First EU-China Human Rights Dialogue Open to Journalists
First EU-China Human Rights Dialogue Open to Journalists

BRUSSELS—The EU and China held their 33rd human rights dialogue on Monday, an event that happens on a bi-annual basis. What was different this time, however, is that the closed-door discussions were followed by a press-conference where media were allowed to ask questions.

“It is the first time we have a press conference because we both feel accountable to the public, to the media, to the European Parliamentarians, to both China and EU,” said Gerhard Sabathil, director for East Asia and the Pacific in the European External Action Service and the representative for the EU in the dialogue.

When asked what issues the EU raised with China, Sabathil said there were many.

“Minority rights, particularly in Tibet and Xinjiang. We have addressed the freedom of expression, freedom of religion and belief, we have addressed procedure and court issues, and we have addressed matters of the hukou [household registration] system and reform in China, and we have also spoken about some names which are in the knowledge of European public,” he said.

When asked about Hong Kong, Sabathil confirmed the issue was raised. Li Junhua from the Ministry of Foreign Affairs of the People’s Republic of China, insisted it was an issue of law, not human rights as he deemed the protests “illegal.”

An EU official later confirmed that the issue of forced organ removal from prisoners on death row and prisoners of conscience was also raised.

The EU Parliament passed a resolution on Dec. 12 last year that called for an immediate stop to this practice and called for a full EU and UN investigation into the matter.
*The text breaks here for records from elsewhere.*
lemma coupled_lb_eval_equiv: "coupled_lb eval_equiv eval_equiv"
  unfolding coupled_lb_def
proof (intro conjI allI impI)
  show "eval_equiv \<subseteq> eval_equiv" by simp
  show "\<forall>(M, N)\<in>eval_equiv. closed M \<and> closed N" by (rule eval_equiv_closed)
next
  fix M N M' assume "(M, N) \<in> eval_equiv" "red M M'"
  then show "\<exists>N'. reds N N' \<and> (M', N') \<in> eval_equiv"
    using eval_equiv_red by blast
next
  fix M N B assume "(M, N) \<in> eval_equiv" "M = Lam B"
  then show "\<exists>B'. reds N (Lam B') \<and>
      (\<forall>P Q. (P, Q) \<in> ctx_closure eval_equiv \<longrightarrow> (inst B P, inst B' Q) \<in> eval_equiv)"
    using eval_equiv_Lam by blast
next
  fix M N N' assume "(M, N) \<in> eval_equiv" "red N N'"
  then show "\<exists>M'. reds M M' \<and> (M', N') \<in> eval_equiv"
    using eval_equiv_red eval_equiv_symD by blast
next
  fix M N B' assume "(M, N) \<in> eval_equiv" "N = Lam B'"
  then obtain B where "reds M (Lam B)"
      and body: "\<forall>P Q. (P, Q) \<in> ctx_closure eval_equiv \<longrightarrow> (inst B' P, inst B Q) \<in> eval_equiv"
    using eval_equiv_Lam eval_equiv_symD by blast
  moreover have "(inst B P, inst B' Q) \<in> eval_equiv" if "(P, Q) \<in> ctx_closure eval_equiv" for P Q
    using body ctx_closure_sym[OF eval_equiv_sym that] eval_equiv_symD by blast
  ultimately show "\<exists>B. reds M (Lam B) \<and>
      (\<forall>P Q. (P, Q) \<in> ctx_closure eval_equiv \<longrightarrow> (inst B P, inst B' Q) \<in> eval_equiv)"
    by blast
qed

subsection \<open>Soundness: coupled logical bisimilarity is contained in eval_equiv\<close>

definition app_sim :: "trm rel \<Rightarrow> bool" where
  "app_sim S \<longleftrightarrow> (\<forall>M N. (M, N) \<in> S \<longrightarrow> closed M \<and> closed N \<and>
      (\<forall>M'. red M M' \<longrightarrow> (\<exists>N'. reds N N' \<and> (M', N') \<in> S)) \<and>
      (\<forall>B. M = Lam B \<longrightarrow> (\<exists>B'. reds N (Lam B') \<and> (\<forall>P. closed P \<longrightarrow> (inst B P, inst B' P) \<in> S))))"
(* Let $p(x)$ be a prior density and $p(y\mid x)$ a likelihood on $\mathbb{R}^N$ for fixed data $y$, with posterior $p(x\mid y)\propto p(x)p(y\mid x)$. Let $1\le T_r<T_{r+1}$ be temperatures and define tempered densities either by posterior tempering, $\pi_t(x)\propto p(x)^{1/T_t}p(y\mid x)^{1/T_t}$ (with $T_{r+1}<\infty$), or by likelihood tempering, $\pi_t(x)\propto p(x)\,p(y\mid x)^{1/T_t}$ ($t\in\{r,r+1\}$), assumed normalizable. Let $X_r\sim\pi_r$ and $X_{r+1}\sim\pi_{r+1}$ be independent, and define the mean swap probability $$\mathrm P[\mathrm{Swap}_{(r,r+1)}]:=\mathbb E\left[\min\left\{1,\frac{\pi_r(X_{r+1})\pi_{r+1}(X_r)}{\pi_r(X_r)\pi_{r+1}(X_{r+1})}\right\}\right].$$ Then $$\mathrm P[\mathrm{Swap}_{(r,r+1)}]=\begin{cases}2\,\mathrm P[p(X_r\mid y)<p(X_{r+1}\mid y)],&\text{posterior tempering},\\ 2\,\mathrm P[p(y\mid X_r)<p(y\mid X_{r+1})],&\text{likelihood tempering}.\end{cases}$$
   Formalization: Both identities carry the extra hypothesis that ties are null, namely $\mathrm P[p(X_r\mid y)=p(X_{r+1}\mid y)]=0$ for posterior tempering and $\mathrm P[p(y\mid X_r)=p(y\mid X_{r+1})]=0$ for likelihood tempering. The statement above fails without it. *)

theory Defs
  imports "HOL-Probability.Probability"
begin

datatype tempering = Posterior_Tempering | Likelihood_Tempering

text \<open>Inverse temperature 1/T for a temperature T in [1, infinity]; 1/infinity = 0.\<close>
definition inv_temp :: "ereal \<Rightarrow> real" where
  "inv_temp T = real_of_ereal (inverse T)"

text \<open>Power a^b for a \<ge> 0, with the convention a^0 = 1 (also for a = 0).\<close>
definition tpow :: "real \<Rightarrow> real \<Rightarrow> real" where
  "tpow a b = (if b = 0 then 1 else a powr b)"

definition tempered_unnorm ::
  "tempering \<Rightarrow> ('x \<Rightarrow> real) \<Rightarrow> ('x \<Rightarrow> real) \<Rightarrow> ereal \<Rightarrow> 'x \<Rightarrow> real" where
  "tempered_unnorm m prior lik T x =
     (case m of
        Posterior_Tempering \<Rightarrow> tpow (prior x) (inv_temp T) * tpow (lik x) (inv_temp T)
      | Likelihood_Tempering \<Rightarrow> prior x * tpow (lik x) (inv_temp T))"

definition tempered_density ::
  "tempering \<Rightarrow> ('x::euclidean_space \<Rightarrow> real) \<Rightarrow> ('x \<Rightarrow> real) \<Rightarrow> ereal \<Rightarrow> 'x \<Rightarrow> real" where
  "tempered_density m prior lik T x =
     tempered_unnorm m prior lik T x / integral\<^sup>L lborel (tempered_unnorm m prior lik T)"
lemma zero_sum_contraction:
  obtains c where "0 \<le> c" "c < 1"
    "\<And>v. (\<Sum>j<4. v j) = 0 \<Longrightarrow> l1_norm (mat_vec A v) \<le> c * l1_norm v"
proof
  let ?e = "Min ((\<lambda>(i, j). A i j) ` ({..<4} \<times> {..<4}))"
  have e_le: "?e \<le> A i j" if "i < 4" "j < 4" for i j
    using that by (intro Min_le) auto
  have "0 < ?e" using entry_pos by (subst Min_gr_iff) (auto simp: Times_empty lessThan_empty_iff)
  moreover have "(\<Sum>i<4::nat. ?e) \<le> (\<Sum>i<4. A i 0)" by (intro sum_mono e_le) auto
  ultimately show "0 \<le> 1 - 4 * ?e" "1 - 4 * ?e < 1" using column_sum[of 0] by auto
  show "l1_norm (mat_vec A v) \<le> (1 - 4 * ?e) * l1_norm v" if "(\<Sum>j<4. v j) = 0" for v
    using l1_norm_mat_vec_le[OF that e_le] .
qed

lemma summable_mat_pow_vec:
  assumes "(\<Sum>j<4. v j) = 0" "i < 4"
  shows "summable (\<lambda>t. mat_pow_vec A t v i)"
proof -
  obtain c where c: "0 \<le> c" "c < 1"
    "\<And>v. (\<Sum>j<4. v j) = 0 \<Longrightarrow> l1_norm (mat_vec A v) \<le> c * l1_norm v"
    using zero_sum_contraction by blast
  have decay: "l1_norm (mat_pow_vec A t v) \<le> c ^ t * l1_norm v" for t
  proof (induction t)
    case (Suc t)
    have "l1_norm (mat_pow_vec A (Suc t) v) \<le> c * l1_norm (mat_pow_vec A t v)"
      using c(3) sum_mat_pow_vec[of t v] assms(1) by simp
    also have "\<dots> \<le> c * (c ^ t * l1_norm v)" using Suc c(1) by (rule mult_left_mono)
    finally show ?case by simp
  qed simp
  show ?thesis
  proof (rule summable_comparison_test)
    show "\<exists>N. \<forall>t\<ge>N. norm (mat_pow_vec A t v i) \<le> c ^ t * l1_norm v"
      using order_trans[OF abs_le_l1_norm[OF assms(2)] decay] by auto
    show "summable (\<lambda>t. c ^ t * l1_norm v)" using c by (intro summable_mult2 summable_geometric) auto
  qed
qed

lemma zero_sum_fixed_point_eq_0:
  assumes "\<And>i. i < 4 \<Longrightarrow> mat_vec A w i = w i" "(\<Sum>j<4. w j) = 0" "i < 4"
  shows "w i = 0"
proof -
  obtain c where c: "c < 1"
    "\<And>v. (\<Sum>j<4. v j) = 0 \<Longrightarrow> l1_norm (mat_vec A v) \<le> c * l1_norm v"
    using zero_sum_contraction by blast
  have "l1_norm (mat_vec A w) = l1_norm w" unfolding l1_norm_def using assms(1) by simp
  then have "l1_norm w \<le> c * l1_norm w" using c(2)[OF assms(2)] by simp
  then have "(1 - c) * l1_norm w \<le> 0" by (simp add: algebra_simps)
  then have "l1_norm w = 0" using c(1) l1_norm_nonneg[of w] by (simp add: mult_le_0_iff)
  then show ?thesis using abs_le_l1_norm[OF assms(3), of w] by simp
qed

lemma mat_vec_neumann_sum:
  assumes "(\<Sum>j<4. v j) = 0" "i < 4"
  shows "mat_vec A (neumann_sum A v) i = neumann_sum A v i - v i"
proof -
  note summable = summable_mat_pow_vec[OF assms(1)]
  have "mat_vec A (neumann_sum A v) i = (\<Sum>j<4. \<Sum>t. A i j * mat_pow_vec A t v j)"
    unfolding mat_vec_def neumann_sum_def by (intro sum.cong refl suminf_mult[symmetric] summable) auto
  also have "\<dots> = (\<Sum>t. \<Sum>j<4. A i j * mat_pow_vec A t v j)"
    by (rule suminf_sum[symmetric]) (auto intro!: summable_mult summable)
  also have "\<dots> = (\<Sum>t. mat_pow_vec A (Suc t) v i)"
    by (simp add: mat_vec_def)
  also have "\<dots> = neumann_sum A v i - v i"
    unfolding neumann_sum_def using suminf_split_head[OF summable[OF assms(2)]] by simp
  finally show ?thesis .
qed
In the resolution, the EU expressed its “deep concern over the persistent and credible reports of systematic, state-sanctioned organ harvesting from non-consenting prisoners of conscience in the People’s Republic of China, including from large numbers of Falun Gong practitioners imprisoned for their religious beliefs, as well as from members of other religious and ethnic minority groups,” calling it an “egregious and intolerable violation of the fundamental right to life.”

Bread vs. Buns

Li said the EU and China shared similar views in some areas, and disagreed in others. One thing they disagreed on was the definition of human rights.

“When we look at the issue of human rights, I think the European perspective and the Chinese perspective differ,” he said through a translator. “From the EU perspective, I think the human rights are very much focused on the civil liberties, the right of government, but in China, we’re talking about the right to development and the right to survival.”

He said a country’s human rights system should be judged by the country’s people and only Chinese people can evaluate the country’s human rights record, adding that the Chinese Communist Party’s approval rating was high.

Human rights organizations paint a different picture, however.

In Human Rights Watch’s 2014 world report, it said, “The government remains an authoritarian one-party state. It places arbitrary curbs on expression, association, assembly, and religion; prohibits independent labor unions and human rights organizations; and maintains Party control over all judicial institutions.”

Reporters Without Borders ranks China 175 out of 180 countries, for freedom of the press and Amnesty International calls China an “authoritarian state” as does the U.S. State Department.

Quiet Diplomacy

Director of the Asia and China Program at the European Council on Foreign Relation’s (ECFR), François Godement, wrote a commentary on Monday chastising the EU for not being more outspoken with China on its poor human rights record.

“European leaders have at best tried to separate economics from politics and at worst have stayed silent on human rights to help attract Chinese lending and investment,” said Godement in a commentary on the ECFR website.

“What’s required is a stronger European foreign policy and stronger EU institutions,” he concluded.